As far as Morris could discern, none of his old friends – all of whom have known his story for decades – bore him any ill-will, not even a 92-year-old Auschwitz survivor called Lotte, now based in Sydney, whom he tattooed in the camp and whom he met again in Australia later.
“Her tattoo is massive, way bigger than others, and when she saw him later, in Australia, she would give him a belt around his head because it was so big and ugly with huge numbers on her arm. But he said he did it that way because he wanted it to take a longer time than usual as he wanted to find out what was going on back in Slovakia.”
Lale’s burden of guilt, Morris says, centred around his role in scarring hundreds of thousands of people; so too in his inability to save others in the camp.
A few months before he died, he suddenly asked her to take him to Auschwitz: he wanted, he told her, to stand on a step that is still there leading into one of the crematoria and say sorry.
Morris gets emotional. “It was August and I knew it would have been stinking hot there, and I said, let’s go when it’s cooler, in autumn.

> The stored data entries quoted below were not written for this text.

text \<open>With \<open>q = (n x)\<^sup>j / j!\<close> and \<open>m = n - j\<close>, the error is
  \<open>- (q - C(n,j) x\<^sup>j) (1 - x)\<^sup>m - q (exp (- m x) - (1 - x)\<^sup>m) + q (exp (- m x) - exp (- n x))\<close>,
  a combination of three nonnegative terms.\<close>

lemma binomial_poi_approx:
  assumes n: "0 < n" "j \<le> n" and x: "0 \<le> x" "x \<le> 1" "real j * x \<le> 1"
  shows "\<bar>real (n choose j) * x ^ j * (1 - x) ^ (n - j) - poi (real n * x) j\<bar>
           \<le> 3 * real j ^ 2 * x + 2 * real j * x + 3 * real n * x ^ 2"
proof -
  define m where "m = n - j"
  define q where "q = (real n * x) ^ j / fact j"
  define C where "C = real (n choose j) * x ^ j"
  define e where "e = exp (- (real m * x))"
  have term1: "0 \<le> (q - C) * (1 - x) ^ m" "(q - C) * (1 - x) ^ m \<le> 3 * real j ^ 2 * x"
    using power_div_fact_minus_binomial_bounds(1)[OF n(2,1) x(1)] x
      binomial_coefficient_error_le[OF n x] by (simp_all add: q_def C_def m_def)
  have term2: "0 \<le> q * (e - (1 - x) ^ m)" "q * (e - (1 - x) ^ m) \<le> 3 * real n * x ^ 2"
    using one_minus_power_exp_bounds(1)[OF x(1,2)] x power_div_fact_exp_error_le[OF n(2) x]
    by (simp_all add: q_def e_def m_def)
  have "real m * x \<le> real n * x"
    using x by (intro mult_right_mono) (simp_all add: m_def)
  then have term3: "0 \<le> q * (e - exp (- (real n * x)))"
    "q * (e - exp (- (real n * x))) \<le> 2 * real j * x"
    using x power_div_fact_exp_diff_le[OF n(2) x] by (simp_all add: q_def e_def m_def)
  have "poi (real n * x) j = q * exp (- (real n * x))"
    by (simp add: poi_def q_def)
  then have "C * (1 - x) ^ m - poi (real n * x) j
      = - ((q - C) * (1 - x) ^ m) - q * (e - (1 - x) ^ m) + q * (e - exp (- (real n * x)))"
    by (simp add: algebra_simps)
  then have "\<bar>C * (1 - x) ^ m - poi (real n * x) j\<bar>
               \<le> 3 * real j ^ 2 * x + 2 * real j * x + 3 * real n * x ^ 2"
    using term1 term2 term3 unfolding abs_le_iff by linarith
  then show ?thesis
    by (simp add: C_def m_def)
qed

section \<open>Buckets\<close>

lemma sum_pmf_le_1: "finite A \<Longrightarrow> (\<Sum>a\<in>A. pmf p a) \<le> 1"
  by (metis measure_measure_pmf_finite measure_pmf.prob_le_1)

lemma card_le_inverse_if_pmf_ge:
  assumes "finite A" "0 < t" "\<And>a. a \<in> A \<Longrightarrow> t \<le> pmf p a"
  shows "real (card A) \<le> 1 / t"
proof -
  have "real (card A) * t \<le> (\<Sum>a\<in>A. pmf p a)"
    using assms by (intro sum_bounded_below) auto
  also have "\<dots> \<le> 1"
    using assms by (intro sum_pmf_le_1)
  finally show ?thesis
    using assms by (simp add: field_simps)
qed

definition bucket :: "'a pmf \<Rightarrow> nat \<Rightarrow> nat \<Rightarrow> 'a set" where
  "bucket p n k = {a. in_bucket n k (pmf p a)}"

lemma in_bucket_pos:
  assumes "in_bucket n k x"
  shows "0 < x"
proof -
  have "0 \<le> real k / (real n * ln (real n) ^ 2)"
    by simp
  also have "\<dots> < x"
    using assms by (simp add: in_bucket_def)
  finally show ?thesis .
qed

But he died in October, of a massive stroke at home one day.”
So Morris will be making her own pilgrimage next March when she goes to Auschwitz as part of the March of the Living, an annual educational program bringing people from around the world to Poland and Israel to study the history of the Holocaust. She will bring with her a piece of Lale in some form, so that he ends up making the journey after all. “I’ve given a lot of thought to how to approach that day. I’ll find something of him to take.”
The Tattooist of Aushwitz by Heather Morris is available February 1 from Bonnier Australia Publishing, (RRP $29.99).